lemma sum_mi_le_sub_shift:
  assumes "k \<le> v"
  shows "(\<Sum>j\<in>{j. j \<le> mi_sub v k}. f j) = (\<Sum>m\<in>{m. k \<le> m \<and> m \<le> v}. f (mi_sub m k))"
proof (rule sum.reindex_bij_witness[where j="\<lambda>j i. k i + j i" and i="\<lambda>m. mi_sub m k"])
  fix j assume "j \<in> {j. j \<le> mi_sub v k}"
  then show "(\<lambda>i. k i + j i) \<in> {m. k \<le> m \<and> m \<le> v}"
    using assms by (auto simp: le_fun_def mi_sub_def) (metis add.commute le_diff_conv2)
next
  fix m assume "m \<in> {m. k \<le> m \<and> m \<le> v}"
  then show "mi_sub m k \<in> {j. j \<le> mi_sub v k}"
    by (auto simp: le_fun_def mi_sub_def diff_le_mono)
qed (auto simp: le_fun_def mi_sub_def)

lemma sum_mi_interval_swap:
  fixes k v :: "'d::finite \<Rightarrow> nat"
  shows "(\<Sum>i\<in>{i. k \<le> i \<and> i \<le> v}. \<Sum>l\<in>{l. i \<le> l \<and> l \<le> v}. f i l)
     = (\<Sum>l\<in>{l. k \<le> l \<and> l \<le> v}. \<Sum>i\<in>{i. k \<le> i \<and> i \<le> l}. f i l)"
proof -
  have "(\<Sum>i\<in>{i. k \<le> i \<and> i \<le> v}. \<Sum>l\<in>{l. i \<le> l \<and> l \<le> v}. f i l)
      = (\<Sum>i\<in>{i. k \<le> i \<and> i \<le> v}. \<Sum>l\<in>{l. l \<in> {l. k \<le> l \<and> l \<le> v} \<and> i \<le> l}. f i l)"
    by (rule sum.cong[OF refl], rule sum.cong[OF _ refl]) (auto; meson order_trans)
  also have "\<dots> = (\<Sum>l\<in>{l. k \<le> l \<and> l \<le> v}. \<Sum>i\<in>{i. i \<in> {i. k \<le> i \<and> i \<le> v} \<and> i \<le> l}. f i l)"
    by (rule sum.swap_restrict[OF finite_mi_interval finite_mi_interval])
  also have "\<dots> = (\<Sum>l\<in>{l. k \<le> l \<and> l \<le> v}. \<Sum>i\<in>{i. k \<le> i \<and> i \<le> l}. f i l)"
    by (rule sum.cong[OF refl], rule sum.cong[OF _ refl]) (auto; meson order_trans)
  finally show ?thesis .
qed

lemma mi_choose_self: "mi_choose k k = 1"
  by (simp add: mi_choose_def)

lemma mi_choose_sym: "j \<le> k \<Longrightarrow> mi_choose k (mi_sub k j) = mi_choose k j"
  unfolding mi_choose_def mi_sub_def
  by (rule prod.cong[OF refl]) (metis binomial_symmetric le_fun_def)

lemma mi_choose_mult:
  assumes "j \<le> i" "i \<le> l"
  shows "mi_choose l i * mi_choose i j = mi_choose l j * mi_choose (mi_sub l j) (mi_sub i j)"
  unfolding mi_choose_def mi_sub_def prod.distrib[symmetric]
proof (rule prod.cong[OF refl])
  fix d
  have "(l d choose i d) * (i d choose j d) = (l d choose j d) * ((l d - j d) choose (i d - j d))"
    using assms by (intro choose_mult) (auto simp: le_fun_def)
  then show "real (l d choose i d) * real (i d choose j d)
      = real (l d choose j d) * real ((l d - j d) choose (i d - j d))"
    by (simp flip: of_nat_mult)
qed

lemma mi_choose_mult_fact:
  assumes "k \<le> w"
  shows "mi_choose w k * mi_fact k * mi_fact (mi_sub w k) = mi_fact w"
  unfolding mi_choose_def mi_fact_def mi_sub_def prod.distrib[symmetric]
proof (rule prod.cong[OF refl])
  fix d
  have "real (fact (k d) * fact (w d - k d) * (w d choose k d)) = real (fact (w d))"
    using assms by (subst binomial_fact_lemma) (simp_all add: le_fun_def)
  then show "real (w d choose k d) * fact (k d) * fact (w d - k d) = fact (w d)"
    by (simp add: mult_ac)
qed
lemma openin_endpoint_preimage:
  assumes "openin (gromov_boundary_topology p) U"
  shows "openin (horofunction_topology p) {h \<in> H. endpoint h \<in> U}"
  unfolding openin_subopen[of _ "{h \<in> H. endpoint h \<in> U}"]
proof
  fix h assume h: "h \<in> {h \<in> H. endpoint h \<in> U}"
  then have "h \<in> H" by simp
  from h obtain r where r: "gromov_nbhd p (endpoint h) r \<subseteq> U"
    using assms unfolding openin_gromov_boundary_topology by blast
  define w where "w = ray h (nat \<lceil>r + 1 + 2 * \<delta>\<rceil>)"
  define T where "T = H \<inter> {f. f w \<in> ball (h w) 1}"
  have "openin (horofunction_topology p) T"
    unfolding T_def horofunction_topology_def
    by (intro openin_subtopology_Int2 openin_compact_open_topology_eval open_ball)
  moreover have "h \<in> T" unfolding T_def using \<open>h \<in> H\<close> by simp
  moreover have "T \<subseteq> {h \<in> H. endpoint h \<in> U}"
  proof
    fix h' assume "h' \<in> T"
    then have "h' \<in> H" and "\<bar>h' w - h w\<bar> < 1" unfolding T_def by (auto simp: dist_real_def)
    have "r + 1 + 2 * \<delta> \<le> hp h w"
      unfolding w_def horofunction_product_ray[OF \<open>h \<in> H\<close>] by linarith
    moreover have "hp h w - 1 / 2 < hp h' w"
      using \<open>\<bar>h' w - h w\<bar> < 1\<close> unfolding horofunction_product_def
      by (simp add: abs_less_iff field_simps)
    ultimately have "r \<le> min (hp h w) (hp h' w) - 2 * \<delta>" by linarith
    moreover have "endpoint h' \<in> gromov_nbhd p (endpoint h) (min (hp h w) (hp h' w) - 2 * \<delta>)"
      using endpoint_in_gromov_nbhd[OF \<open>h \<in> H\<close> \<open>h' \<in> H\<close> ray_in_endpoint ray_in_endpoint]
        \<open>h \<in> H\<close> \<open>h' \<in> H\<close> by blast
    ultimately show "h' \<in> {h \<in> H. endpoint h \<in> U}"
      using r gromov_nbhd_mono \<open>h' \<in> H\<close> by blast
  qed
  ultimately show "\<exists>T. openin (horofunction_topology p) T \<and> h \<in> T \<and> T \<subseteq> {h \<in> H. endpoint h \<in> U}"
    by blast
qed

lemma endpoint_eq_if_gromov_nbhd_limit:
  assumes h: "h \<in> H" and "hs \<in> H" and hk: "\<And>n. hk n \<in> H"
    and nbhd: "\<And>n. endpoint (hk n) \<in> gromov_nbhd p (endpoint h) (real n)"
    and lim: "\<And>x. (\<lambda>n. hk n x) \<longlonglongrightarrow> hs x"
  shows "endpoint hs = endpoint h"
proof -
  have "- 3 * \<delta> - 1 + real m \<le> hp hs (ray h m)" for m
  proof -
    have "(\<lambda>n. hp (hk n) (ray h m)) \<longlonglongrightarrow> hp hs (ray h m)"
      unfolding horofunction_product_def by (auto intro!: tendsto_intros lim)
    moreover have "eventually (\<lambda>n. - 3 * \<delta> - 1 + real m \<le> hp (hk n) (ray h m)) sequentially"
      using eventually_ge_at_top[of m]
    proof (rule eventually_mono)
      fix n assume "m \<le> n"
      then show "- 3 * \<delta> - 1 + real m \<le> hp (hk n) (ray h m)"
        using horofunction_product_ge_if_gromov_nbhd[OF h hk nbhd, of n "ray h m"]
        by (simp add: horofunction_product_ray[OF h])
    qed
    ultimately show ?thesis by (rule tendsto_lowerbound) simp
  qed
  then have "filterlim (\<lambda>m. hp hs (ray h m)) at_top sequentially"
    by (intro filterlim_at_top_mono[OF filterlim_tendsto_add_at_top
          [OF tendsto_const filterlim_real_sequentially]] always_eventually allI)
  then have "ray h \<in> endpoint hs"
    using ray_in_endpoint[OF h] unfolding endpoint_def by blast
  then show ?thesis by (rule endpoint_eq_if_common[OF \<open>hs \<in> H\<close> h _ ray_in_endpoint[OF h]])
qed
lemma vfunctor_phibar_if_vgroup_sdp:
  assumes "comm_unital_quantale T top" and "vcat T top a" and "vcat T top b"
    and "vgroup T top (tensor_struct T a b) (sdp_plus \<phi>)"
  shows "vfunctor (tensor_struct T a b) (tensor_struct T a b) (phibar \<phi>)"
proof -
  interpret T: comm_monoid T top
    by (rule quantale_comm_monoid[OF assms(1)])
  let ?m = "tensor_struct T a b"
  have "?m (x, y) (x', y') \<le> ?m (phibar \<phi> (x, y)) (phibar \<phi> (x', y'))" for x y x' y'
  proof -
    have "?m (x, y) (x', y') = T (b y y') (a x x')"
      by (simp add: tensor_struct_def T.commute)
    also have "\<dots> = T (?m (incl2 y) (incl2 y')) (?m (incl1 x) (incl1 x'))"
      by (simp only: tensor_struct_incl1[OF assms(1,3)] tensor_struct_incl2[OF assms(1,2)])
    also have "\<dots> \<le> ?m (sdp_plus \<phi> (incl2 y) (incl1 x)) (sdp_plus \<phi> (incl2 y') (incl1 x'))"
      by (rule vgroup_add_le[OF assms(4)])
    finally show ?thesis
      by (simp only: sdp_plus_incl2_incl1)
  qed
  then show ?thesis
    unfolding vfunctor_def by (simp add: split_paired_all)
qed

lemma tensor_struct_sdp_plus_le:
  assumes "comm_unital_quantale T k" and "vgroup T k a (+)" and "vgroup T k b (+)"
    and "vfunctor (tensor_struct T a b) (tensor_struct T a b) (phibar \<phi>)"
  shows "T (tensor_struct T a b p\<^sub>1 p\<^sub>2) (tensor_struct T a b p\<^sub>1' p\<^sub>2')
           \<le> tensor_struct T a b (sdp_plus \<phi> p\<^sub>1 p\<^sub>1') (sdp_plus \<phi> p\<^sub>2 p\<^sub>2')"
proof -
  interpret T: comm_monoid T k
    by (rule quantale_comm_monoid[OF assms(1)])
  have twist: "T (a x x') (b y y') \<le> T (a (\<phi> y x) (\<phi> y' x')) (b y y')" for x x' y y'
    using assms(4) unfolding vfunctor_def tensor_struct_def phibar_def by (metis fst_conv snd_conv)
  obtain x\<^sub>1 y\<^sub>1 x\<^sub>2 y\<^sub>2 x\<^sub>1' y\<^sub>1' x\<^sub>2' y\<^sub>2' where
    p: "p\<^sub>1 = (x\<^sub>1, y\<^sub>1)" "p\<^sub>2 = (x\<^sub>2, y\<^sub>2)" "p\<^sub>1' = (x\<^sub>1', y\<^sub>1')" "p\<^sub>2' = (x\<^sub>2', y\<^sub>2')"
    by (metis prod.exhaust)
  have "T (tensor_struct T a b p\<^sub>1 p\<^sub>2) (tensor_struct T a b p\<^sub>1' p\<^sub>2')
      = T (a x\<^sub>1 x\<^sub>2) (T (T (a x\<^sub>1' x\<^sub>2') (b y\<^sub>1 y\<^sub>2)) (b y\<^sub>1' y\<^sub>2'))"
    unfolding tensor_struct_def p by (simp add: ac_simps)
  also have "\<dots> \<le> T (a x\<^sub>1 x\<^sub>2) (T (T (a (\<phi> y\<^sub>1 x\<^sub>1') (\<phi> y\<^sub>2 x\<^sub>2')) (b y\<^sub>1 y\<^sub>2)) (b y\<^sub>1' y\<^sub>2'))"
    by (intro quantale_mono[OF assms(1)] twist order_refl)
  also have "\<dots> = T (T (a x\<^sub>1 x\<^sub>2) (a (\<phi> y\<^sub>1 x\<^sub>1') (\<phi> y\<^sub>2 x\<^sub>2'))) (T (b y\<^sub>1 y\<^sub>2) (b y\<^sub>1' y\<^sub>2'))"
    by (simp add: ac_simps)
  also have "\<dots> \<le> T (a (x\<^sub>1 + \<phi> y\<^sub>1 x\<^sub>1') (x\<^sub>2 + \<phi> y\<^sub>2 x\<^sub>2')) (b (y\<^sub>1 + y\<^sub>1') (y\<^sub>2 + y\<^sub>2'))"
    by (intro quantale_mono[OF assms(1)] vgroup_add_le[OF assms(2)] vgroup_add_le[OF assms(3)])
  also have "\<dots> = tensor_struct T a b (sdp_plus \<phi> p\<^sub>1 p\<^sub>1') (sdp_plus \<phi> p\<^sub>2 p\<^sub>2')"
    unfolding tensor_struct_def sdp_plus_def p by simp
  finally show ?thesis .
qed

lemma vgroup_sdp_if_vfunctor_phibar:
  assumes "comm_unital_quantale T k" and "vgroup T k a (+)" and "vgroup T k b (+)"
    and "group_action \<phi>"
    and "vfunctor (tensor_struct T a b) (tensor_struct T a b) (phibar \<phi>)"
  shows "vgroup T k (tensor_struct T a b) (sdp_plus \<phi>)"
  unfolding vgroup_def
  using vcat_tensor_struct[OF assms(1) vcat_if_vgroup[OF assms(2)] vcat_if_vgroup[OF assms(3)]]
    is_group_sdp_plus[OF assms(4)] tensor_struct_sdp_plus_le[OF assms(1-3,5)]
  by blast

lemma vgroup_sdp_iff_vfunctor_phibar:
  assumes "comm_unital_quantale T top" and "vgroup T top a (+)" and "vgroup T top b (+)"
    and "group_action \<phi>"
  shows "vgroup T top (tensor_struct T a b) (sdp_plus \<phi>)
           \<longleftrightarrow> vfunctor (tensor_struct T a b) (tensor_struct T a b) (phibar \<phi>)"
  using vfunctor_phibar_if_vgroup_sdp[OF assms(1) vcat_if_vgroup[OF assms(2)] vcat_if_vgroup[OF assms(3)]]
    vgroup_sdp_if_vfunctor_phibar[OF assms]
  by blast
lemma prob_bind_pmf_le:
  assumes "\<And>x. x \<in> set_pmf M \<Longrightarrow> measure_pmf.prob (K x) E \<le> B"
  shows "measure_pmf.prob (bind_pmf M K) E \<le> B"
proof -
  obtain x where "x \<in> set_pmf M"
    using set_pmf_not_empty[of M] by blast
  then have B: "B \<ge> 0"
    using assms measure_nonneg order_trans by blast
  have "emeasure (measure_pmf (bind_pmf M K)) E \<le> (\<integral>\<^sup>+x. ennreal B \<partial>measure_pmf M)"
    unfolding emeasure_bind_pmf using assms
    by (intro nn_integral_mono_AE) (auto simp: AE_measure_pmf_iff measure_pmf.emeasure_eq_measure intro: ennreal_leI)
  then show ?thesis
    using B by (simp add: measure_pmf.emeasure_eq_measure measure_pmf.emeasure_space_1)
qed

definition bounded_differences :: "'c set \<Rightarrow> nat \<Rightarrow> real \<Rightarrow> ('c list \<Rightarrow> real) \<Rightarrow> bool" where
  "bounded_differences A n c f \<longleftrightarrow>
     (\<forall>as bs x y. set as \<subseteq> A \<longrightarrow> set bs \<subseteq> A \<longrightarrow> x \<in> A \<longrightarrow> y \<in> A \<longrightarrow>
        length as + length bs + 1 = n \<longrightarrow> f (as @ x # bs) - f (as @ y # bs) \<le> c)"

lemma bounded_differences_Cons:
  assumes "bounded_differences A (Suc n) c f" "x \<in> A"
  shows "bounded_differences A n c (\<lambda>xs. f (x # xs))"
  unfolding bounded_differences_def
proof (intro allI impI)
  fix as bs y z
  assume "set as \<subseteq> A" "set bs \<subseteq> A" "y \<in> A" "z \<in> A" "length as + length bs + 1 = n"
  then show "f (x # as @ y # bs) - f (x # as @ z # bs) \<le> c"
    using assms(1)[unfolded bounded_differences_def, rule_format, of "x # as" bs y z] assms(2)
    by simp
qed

___

* _Instructions to follow_:
Of the lines above, retype only those from the line containing "by (simp flip: of_nat_mult)" through the line containing "(fact (k d)", including both, exactly.

* _Response box_:
    by (simp flip: of_nat_mult)
qed

lemma mi_choose_mult_fact:
  assumes "k \<le> w"
  shows "mi_choose w k * mi_fact k * mi_fact (mi_sub w k) = mi_fact w"
  unfolding mi_choose_def mi_fact_def mi_sub_def prod.distrib[symmetric]
proof (rule prod.cong[OF refl])
  fix d
  have "real (fact (k d) * fact (w d - k d) * (w d choose k d)) = real (fact (w d))"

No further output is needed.